Speaker
Description
Astroviruses comprise a genetically diverse viral family linked to diseases in both humans and birds, resulting in substantial health impacts and economic burdens. Traditionally classified into Avastrovirus and Mamastrovirus genera based on host species, next-generation sequencing has revealed broader transmission patterns, necessitating a reevaluation of the current classification approach. In response to these challenges, a novel alignment-free taxonomic classification method is introduced, leveraging whole genome sequence k-mer composition alongside host information. To control the impact of genetic recombination, an optional component for identifying recombinant sequences is incorporated into the method's pipeline. This three-pronged classification approach integrates a supervised machine learning method (support vector machine), an unsupervised machine learning method (K-means++), and consideration of host species. Applying this approach to 191 unclassified astrovirus genomes (with continuous updates for emergent genomes), genus labels are successfully proposed. Additionally, eight genomes displaying incompatibility with reported host species suggest cross-species infections.
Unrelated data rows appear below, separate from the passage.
sublocale free: group "free_group n"
  by (rule group_free_group)

definition monomial_word :: "(nat \<Rightarrow> int) \<Rightarrow> letter list" where
  "monomial_word h = power_prod (free_group n) (\<lambda>j. [(j, False)]) h [0..<n]"

definition edge_word :: "(nat \<Rightarrow> int) \<times> nat \<Rightarrow> letter list" where
  "edge_word e = monomial_word (fst e) \<otimes>\<^bsub>free_group n\<^esub> [(snd e, False)] \<otimes>\<^bsub>free_group n\<^esub>
                   inv\<^bsub>free_group n\<^esub> monomial_word (fst e + unit_vec (snd e))"

lemma monomial_word_closed: "monomial_word h \<in> carrier (free_group n)"
  by (auto simp: monomial_word_def letter_in_free_group intro!: free.power_prod_closed)

lemma monomial_word_zero: "monomial_word 0 = \<one>\<^bsub>free_group n\<^esub>"
  by (simp add: monomial_word_def free.power_prod_zero)

lemma edge_word_closed: "snd e < n \<Longrightarrow> edge_word e \<in> carrier (free_group n)"
  by (simp add: edge_word_def monomial_word_closed letter_in_free_group)

lemma signed_edge_word_letter:
  fixes g :: "nat \<Rightarrow> int" and l :: letter
  assumes "fst l < n"
  defines "e \<equiv> (if snd l then g + letter_exp l else g, fst l)"
  shows "(if snd l then inv\<^bsub>free_group n\<^esub> (edge_word e) else edge_word e)
           = monomial_word g \<otimes>\<^bsub>free_group n\<^esub> [l] \<otimes>\<^bsub>free_group n\<^esub>
               inv\<^bsub>free_group n\<^esub> monomial_word (g + letter_exp l)"
proof -
  obtain i s where l: "l = (i, s)" and "i < n"
    using assms(1) by (cases l) auto
  show ?thesis
  proof (cases s)
    case True
    then have "monomial_word (g + letter_exp l + unit_vec i) = monomial_word g"
      by (simp add: l letter_exp_def)
    moreover have "inv\<^bsub>free_group n\<^esub> [(i, False)] = [l]"
      using \<open>i < n\<close> True by (simp add: l inv_letter_free_group inv_letter_def)
    ultimately show ?thesis
      using \<open>i < n\<close> True
      by (simp add: l e_def edge_word_def monomial_word_closed letter_in_free_group
                    free.inv_mult_group free.m_assoc)
  qed (simp add: l e_def edge_word_def letter_exp_def)
qed
(* Let $N, B$ be positive integers with $B$ dividing $N$, and $\lambda>0$. Consider all assignment vectors $\bar N=(N_1,\dots,N_B)$ of positive integers with $\sum_{i=1}^B N_i = N$. For each, let $T_1,\dots,T_B$ be independent with $T_i\sim \mathrm{Exp}(N_i\lambda)$ and $T(\bar N)=\max(T_1,\dots,T_B)$. Then the balanced assignment $\bar N_b = (N/B,\dots,N/B)$ minimizes $\mathbb{E}[T(\bar N)]$ over all such assignments, i.e. $\mathbb{E}[T(\bar N)] \ge \mathbb{E}[T(\bar N_b)]$ for every such $\bar N$.
   Context: Interpretation: a data set is split into $B$ disjoint batches, batch $i$ is replicated on $N_i$ of the $N$ workers (each worker hosts exactly one batch); worker service times are i.i.d. $\mathrm{Exp}(\lambda)$; batch $i$ is recovered when the fastest of its $N_i$ workers finishes, and the overall result is available when all batches are recovered, at time $T(\bar N)$. *)

theory Defs
  imports "HOL-Probability.Probability"
begin

end

theory Submission
  imports Defs
begin

text \<open>
  The maximum of independent \<open>T\<^sub>i \<sim> Exp(r\<^sub>i)\<close> has distribution function
  \<open>\<Prod>\<^sub>i (1 - exp (-t r\<^sub>i))\<close>, and its expectation is the integral of the tail
  \<open>1 - \<Prod>\<^sub>i (1 - exp (-t r\<^sub>i))\<close> over \<open>t \<ge> 0\<close>. Since \<open>y \<mapsto> -ln (1 - exp (-y))\<close>
  is convex on \<open>(0, \<infinity>)\<close>, Jensen's inequality shows that for every \<open>t\<close> the product
  is largest when all rates equal their mean \<open>N\<lambda>/B\<close>; so the balanced assignment
  has the pointwise smallest tail and hence the smallest expectation.
\<close>

lemma convex_on_neg_ln_one_minus_exp: "convex_on {0<..} (\<lambda>y::real. - ln (1 - exp (- y)))"
proof (rule convex_on_realI[where f'="\<lambda>y. - (exp (-y) / (1 - exp (-y)))"])
  show "connected {0::real<..}" by simp
next
  fix x :: real assume "x \<in> {0<..}"
  then have "exp (-x) < 1" by simp
  then show "((\<lambda>y. - ln (1 - exp (- y))) has_real_derivative - (exp (-x) / (1 - exp (-x)))) (at x)"
    by (auto intro!: derivative_eq_intros)
next
  fix x y :: real assume x: "x \<in> {0<..}" and y: "y \<in> {0<..}" and "x \<le> y"
  have quotient_eq: "exp (-z) / (1 - exp (-z)) = 1 / (exp z - 1)" if "0 < z" for z :: real
  proof -
    have "exp z * exp (-z) = 1" by (simp add: exp_minus)
    moreover have "exp (-z) < 1" "1 < exp z" using that by auto
    ultimately show ?thesis by (simp add: field_simps)
  qed
  have "1 / (exp y - 1) \<le> 1 / (exp x - 1)"
    using x \<open>x \<le> y\<close> by (intro divide_left_mono) auto
  then show "- (exp (-x) / (1 - exp (-x))) \<le> - (exp (-y) / (1 - exp (-y)))"
    using quotient_eq x y by simp
qed

lemma prod_one_minus_exp_le_mean_power:
  fixes x :: "'i \<Rightarrow> real"
  assumes I: "finite I" "I \<noteq> {}" and pos: "\<And>i. i \<in> I \<Longrightarrow> 0 < x i"
  shows "(\<Prod>i\<in>I. 1 - exp (- x i)) \<le> (1 - exp (- ((\<Sum>i\<in>I. x i) / card I))) ^ card I"
proof -
  let ?m = "(\<Sum>i\<in>I. x i) / card I"
  have card: "0 < real (card I)" using I by (simp add: card_gt_0_iff)
  have "- ln (1 - exp (- (\<Sum>i\<in>I. (1 / card I) *\<^sub>R x i)))
        \<le> (\<Sum>i\<in>I. (1 / card I) * - ln (1 - exp (- x i)))"
    by (rule convex_on_sum[OF _ _ convex_on_neg_ln_one_minus_exp]) (use I pos in auto)
  then have "(\<Sum>i\<in>I. ln (1 - exp (- x i))) / card I \<le> ln (1 - exp (- ?m))"
    by (simp add: sum_negf sum_divide_distrib)
  then have ln_le: "(\<Sum>i\<in>I. ln (1 - exp (- x i))) \<le> card I * ln (1 - exp (- ?m))"
    using card by (simp add: field_simps)
  have factor_pos: "0 < 1 - exp (- x i)" if "i \<in> I" for i using pos[OF that] by simp
  have mean_pos: "0 < ?m" using I pos by (intro divide_pos_pos sum_pos card) auto
  have "(\<Prod>i\<in>I. 1 - exp (- x i)) = exp (\<Sum>i\<in>I. ln (1 - exp (- x i)))"
    using factor_pos by (auto simp: exp_sum I(1) intro!: prod.cong)
  also have "\<dots> \<le> exp (card I * ln (1 - exp (- ?m)))" using ln_le by simp
  also have "\<dots> = (1 - exp (- ?m)) ^ card I"
    using mean_pos by (simp add: exp_of_nat_mult)
  finally show ?thesis .
qed

lemma prod_one_minus_exp_le_balanced:
  fixes r :: "'i \<Rightarrow> real"
  assumes I: "finite I" "I \<noteq> {}" and r: "\<And>i. i \<in> I \<Longrightarrow> 0 < r i" and t: "0 \<le> t"
  shows "(\<Prod>i\<in>I. 1 - exp (- t * r i)) \<le> (\<Prod>i\<in>I. 1 - exp (- t * ((\<Sum>j\<in>I. r j) / card I)))"
proof (cases "t = 0")
  case False
  then have "(\<Prod>i\<in>I. 1 - exp (- (t * r i))) \<le> (1 - exp (- ((\<Sum>i\<in>I. t * r i) / card I))) ^ card I"
    using t r by (intro prod_one_minus_exp_le_mean_power[OF I]) auto
  then show ?thesis by (simp add: sum_distrib_left[symmetric])
qed simp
Notably, the machine learning-based approach, enhanced by principal component analysis (PCA), supports the hypothesis of a human astrovirus (HAstV) subgenus within Mamastrovirus and a goose astrovirus (GoAstV) subgenus within Avastrovirus due to the differences in their genome compositions. In summary, this multipronged machine learning approach offers a rapid, reliable, and scalable method for predicting taxonomic labels. It addresses the challenges posed by emerging viruses and the exponential growth in current genome sequencing output, and facilitates viral taxonomy research.